The cap means that only people earning below R3 500 a month will have the full amount deducted from their salary and government intends providing a wage subsidy to cover the amount of the deduction.
The forced savings proposal is part of sweeping reforms as government attempts to help create a savings culture in the country.
The scheme will provide for pension payments as well as death and disability cover.
Those who want to contribute further will be able to choose between additional contributions to the social security scheme and participation in an occupational or individual retirement fund.
As employees will be able to elect whether their additional savings will go to the social security fund or their own provident or pension funds, it will not entirely replace existing funds. But there will be an offer to move from existing pension or provident funds to the social security scheme.

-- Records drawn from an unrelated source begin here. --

(* For every theory $\Sigma$ and every formula $A \Rightarrow B$: $\Sigma \vdash A \Rightarrow B$ if and only if $\Sigma \models A \Rightarrow B$.
   Context: $Y$ is a non-empty finite set of attributes and $\mathcal{T}_Y = \{y^i \mid y \in Y, i \in \mathbb{Z}\}$; $M + j = \{y^{i+j} \mid y^i \in M\}$. A formula is $A \Rightarrow B$ with $A,B$ finite subsets of $\mathcal{T}_Y$; $M \models A \Rightarrow B$ means that for every $i \in \mathbb{Z}$, $A+i \subseteq M$ implies $B+i \subseteq M$; $\Sigma \models A \Rightarrow B$ means $A \Rightarrow B$ is true in every $M \subseteq \mathcal{T}_Y$ in which all formulas of the theory $\Sigma$ are true. Deduction rules (for arbitrary finite $A,B,C,D \subseteq \mathcal{T}_Y$, $i \in \mathbb{Z}$): (Ax) infer $A \cup B \Rightarrow A$; (Cut) from $A \Rightarrow B$ and $B \cup C \Rightarrow D$ infer $A \cup C \Rightarrow D$; (Shf) from $A \Rightarrow B$ infer $A+i \Rightarrow B+i$. $\Sigma \vdash A \Rightarrow B$ means there is a finite sequence of formulas ending with $A \Rightarrow B$ in which each member is in $\Sigma$ or is the conclusion of one of these rules applied to earlier members. *)

theory Defs
  imports Main
begin

text \<open>Temporal attributes y^i are represented as pairs (y, i) :: 'y \<times> int.
  A formula A \<Rightarrow> B is a pair (A, B) of finite sets of such attributes.\<close>

type_synonym 'y tattr = "'y \<times> int"
type_synonym 'y fml = "'y tattr set \<times> 'y tattr set"

definition shift :: "'y tattr set \<Rightarrow> int \<Rightarrow> 'y tattr set" where
  "shift M j = (\<lambda>(y, i). (y, i + j)) ` M"

definition is_fml :: "'y fml \<Rightarrow> bool" where
  "is_fml f \<longleftrightarrow> finite (fst f) \<and> finite (snd f)"

definition true_in :: "'y tattr set \<Rightarrow> 'y fml \<Rightarrow> bool" where
  "true_in M f \<longleftrightarrow> (\<forall>i::int. shift (fst f) i \<subseteq> M \<longrightarrow> shift (snd f) i \<subseteq> M)"

definition sem_entails :: "'y fml set \<Rightarrow> 'y fml \<Rightarrow> bool" where
  "sem_entails \<Sigma> f \<longleftrightarrow> (\<forall>M. (\<forall>g\<in>\<Sigma>. true_in M g) \<longrightarrow> true_in M f)"

inductive provable :: "'y fml set \<Rightarrow> 'y fml \<Rightarrow> bool" for \<Sigma> where
  Hyp: "f \<in> \<Sigma> \<Longrightarrow> provable \<Sigma> f"
| Ax: "finite A \<Longrightarrow> finite B \<Longrightarrow> provable \<Sigma> (A \<union> B, A)"
| Cut: "finite C \<Longrightarrow> provable \<Sigma> (A, B) \<Longrightarrow> provable \<Sigma> (B \<union> C, D)
        \<Longrightarrow> provable \<Sigma> (A \<union> C, D)"
| Shf: "provable \<Sigma> (A, B) \<Longrightarrow> provable \<Sigma> (shift A i, shift B i)"

end

theory Submission
  imports Defs
begin

text \<open>For completeness, the set
  \<open>M\<close> of all attributes \<open>t\<close> with \<open>\<Sigma> \<turnstile> A \<Rightarrow> {t}\<close> is a model of \<open>\<Sigma>\<close>: rule (Shf) makes
  it closed under shifted instances of the formulas of \<open>\<Sigma>\<close>, and (Cut) chains them.
  Since \<open>A \<subseteq> M\<close>, semantic entailment forces \<open>B \<subseteq> M\<close>, i.e. \<open>\<Sigma> \<turnstile> A \<Rightarrow> B\<close>.\<close>

lemma shift_0 [simp]: "shift A 0 = A"
  unfolding shift_def by auto

lemma shift_shift: "shift (shift A i) j = shift A (i + j)"
  unfolding shift_def by (force simp: image_image add.assoc)

lemma shift_Un: "shift (A \<union> B) i = shift A i \<union> shift B i"
  unfolding shift_def by auto

lemma finite_shift: "finite A \<Longrightarrow> finite (shift A i)"
  unfolding shift_def by auto

lemma provable_sound: "provable \<Sigma> f \<Longrightarrow> sem_entails \<Sigma> f"
  unfolding sem_entails_def
proof (intro allI impI)
  fix M assume model: "\<forall>g\<in>\<Sigma>. true_in M g"
  assume "provable \<Sigma> f"
  then show "true_in M f"
  proof (induction rule: provable.induct)
    case (Hyp f)
    then show ?case using model by blast
  next
    case (Ax A B)
    then show ?case by (auto simp: true_in_def shift_Un)
  next
    case (Cut C A B D)
    then show ?case by (simp add: true_in_def shift_Un)
  next
    case (Shf A B i)
    then show ?case by (simp add: true_in_def shift_shift)
  qed
qed

lemma provable_subset: "finite A \<Longrightarrow> B \<subseteq> A \<Longrightarrow> provable \<Sigma> (A, B)"
  using provable.Ax[of B A \<Sigma>] by (simp add: Un_absorb1 finite_subset)

lemma provable_trans:
  "provable \<Sigma> (A, B) \<Longrightarrow> provable \<Sigma> (B, D) \<Longrightarrow> provable \<Sigma> (A, D)"
  using provable.Cut[of "{}" \<Sigma> A B D] by simp

lemma provable_Un_right:
  assumes "provable \<Sigma> (A, B1)" "provable \<Sigma> (A, B2)" "finite A" "finite B1" "finite B2"
  shows "provable \<Sigma> (A, B1 \<union> B2)"
proof -
  have "provable \<Sigma> (B2 \<union> B1, B2 \<union> B1)"
    using assms(4,5) by (intro provable_subset) auto
  with assms(2,4) have "provable \<Sigma> (A \<union> B1, B1 \<union> B2)"
    by (metis provable.Cut Un_commute)
  with assms(1,3) show ?thesis
    using provable.Cut[of A \<Sigma> A B1 "B1 \<union> B2"] by (simp add: Un_commute)
qed

definition provable_closure :: "'y fml set \<Rightarrow> 'y tattr set \<Rightarrow> 'y tattr set" where
  "provable_closure \<Sigma> A = {t. provable \<Sigma> (A, {t})}"

lemma provable_iff_subset_closure:
  assumes "finite A" "finite B"
  shows "provable \<Sigma> (A, B) \<longleftrightarrow> B \<subseteq> provable_closure \<Sigma> A"
proof
  assume "provable \<Sigma> (A, B)"
  then show "B \<subseteq> provable_closure \<Sigma> A"
    using assms(2) by (auto simp: provable_closure_def intro: provable_trans provable_subset)
next
  show "B \<subseteq> provable_closure \<Sigma> A \<Longrightarrow> provable \<Sigma> (A, B)"
    using assms(2)
  proof (induction B rule: finite_induct)
    case empty
    show ?case using assms(1) by (intro provable_subset) auto
  next
    case (insert b B)
    then have "provable \<Sigma> (A, {b} \<union> B)"
      using assms(1) by (intro provable_Un_right) (auto simp: provable_closure_def)
    then show ?case by simp
  qed
qed

lemma subset_provable_closure: "finite A \<Longrightarrow> A \<subseteq> provable_closure \<Sigma> A"
  using provable_iff_subset_closure provable_subset by blast

lemma provable_closure_model:
  assumes "\<forall>f\<in>\<Sigma>. is_fml f" "finite A" "g \<in> \<Sigma>"
  shows "true_in (provable_closure \<Sigma> A) g"
proof -
  obtain C D where g: "g = (C, D)" by (cases g)
  with assms have fin: "finite C" "finite D" by (auto simp: is_fml_def)
  have "shift D i \<subseteq> provable_closure \<Sigma> A"
    if "shift C i \<subseteq> provable_closure \<Sigma> A" for i
  proof -
    have "provable \<Sigma> (A, shift C i)"
      using that fin assms(2) by (simp add: provable_iff_subset_closure finite_shift)
    moreover have "provable \<Sigma> (shift C i, shift D i)"
      using assms(3) g by (simp add: provable.Hyp provable.Shf)
    ultimately show ?thesis
      using fin assms(2) by (metis provable_trans provable_iff_subset_closure finite_shift)
  qed
  then show ?thesis by (simp add: true_in_def g)
qed

lemma provable_complete:
  assumes "\<forall>f\<in>\<Sigma>. is_fml f" "finite A" "finite B" "sem_entails \<Sigma> (A, B)"
  shows "provable \<Sigma> (A, B)"
proof -
  have "true_in (provable_closure \<Sigma> A) (A, B)"
    using assms provable_closure_model unfolding sem_entails_def by blast
  then have "B \<subseteq> provable_closure \<Sigma> A"
    using subset_provable_closure[OF assms(2)] unfolding true_in_def
    by (metis fst_conv snd_conv shift_0)
  with assms(2,3) show ?thesis by (simp add: provable_iff_subset_closure)
qed

theorem theorem7:
  fixes \<Sigma> :: "'y fml set" and A B :: "'y tattr set"
  assumes "finite (UNIV :: 'y set)"
    and "\<forall>f\<in>\<Sigma>. is_fml f"
    and "finite A" and "finite B"
  shows "provable \<Sigma> (A, B) \<longleftrightarrow> sem_entails \<Sigma> (A, B)"
  using provable_sound provable_complete assms(2-4) by blast

end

Details of the new scheme are contained in a document handed to journalists at the budget briefings on Wednesday. The document says that the current tax deductibility of pension contributions will not be taken away and that “the tax system will continue to reward retirement saving”.
The government still has to decide who will manage the fund. Traditionally these are managed by governments, but the document states that some countries have opted for competitive services provided by the private sector.
Part of the reforms will also review the complex manner in which tax on the lump sum received on retirement is calculated in order to simplify it. The first step is that anyone earning less than R43 000 per year will pay no tax on the lump sum on retirement.
The government is looking to provide some form of retirement benefit for all South Africans which is funded during their years of employment. Individuals will be able to choose whether they wish to make further provision for both retirement and death and disability or accept the basic cover.
A second look
Social welfare now reaches 11,8-million beneficiaries, from fewer than three-million in 1997, with the numbers increasing every year by an average of 23,6%, writes Jocelyn Newmarch. They are supported through old age pensions, child support, disability and foster care grants.
This increased social spending, said economist Dawie Roodt, has led to the strong demand in the economy.
But old age pensions, meagre as they are, are for poorer people actually a disincentive to save. These workers don’t benefit from tax breaks for retirement funding, which only kick in at higher income levels. If they do save for a pension, they will lose the state support, which is only available to the indigent who can pass a means test. Even workers who save for retirement often cash in their savings when they change jobs, leaving them unprotected later on.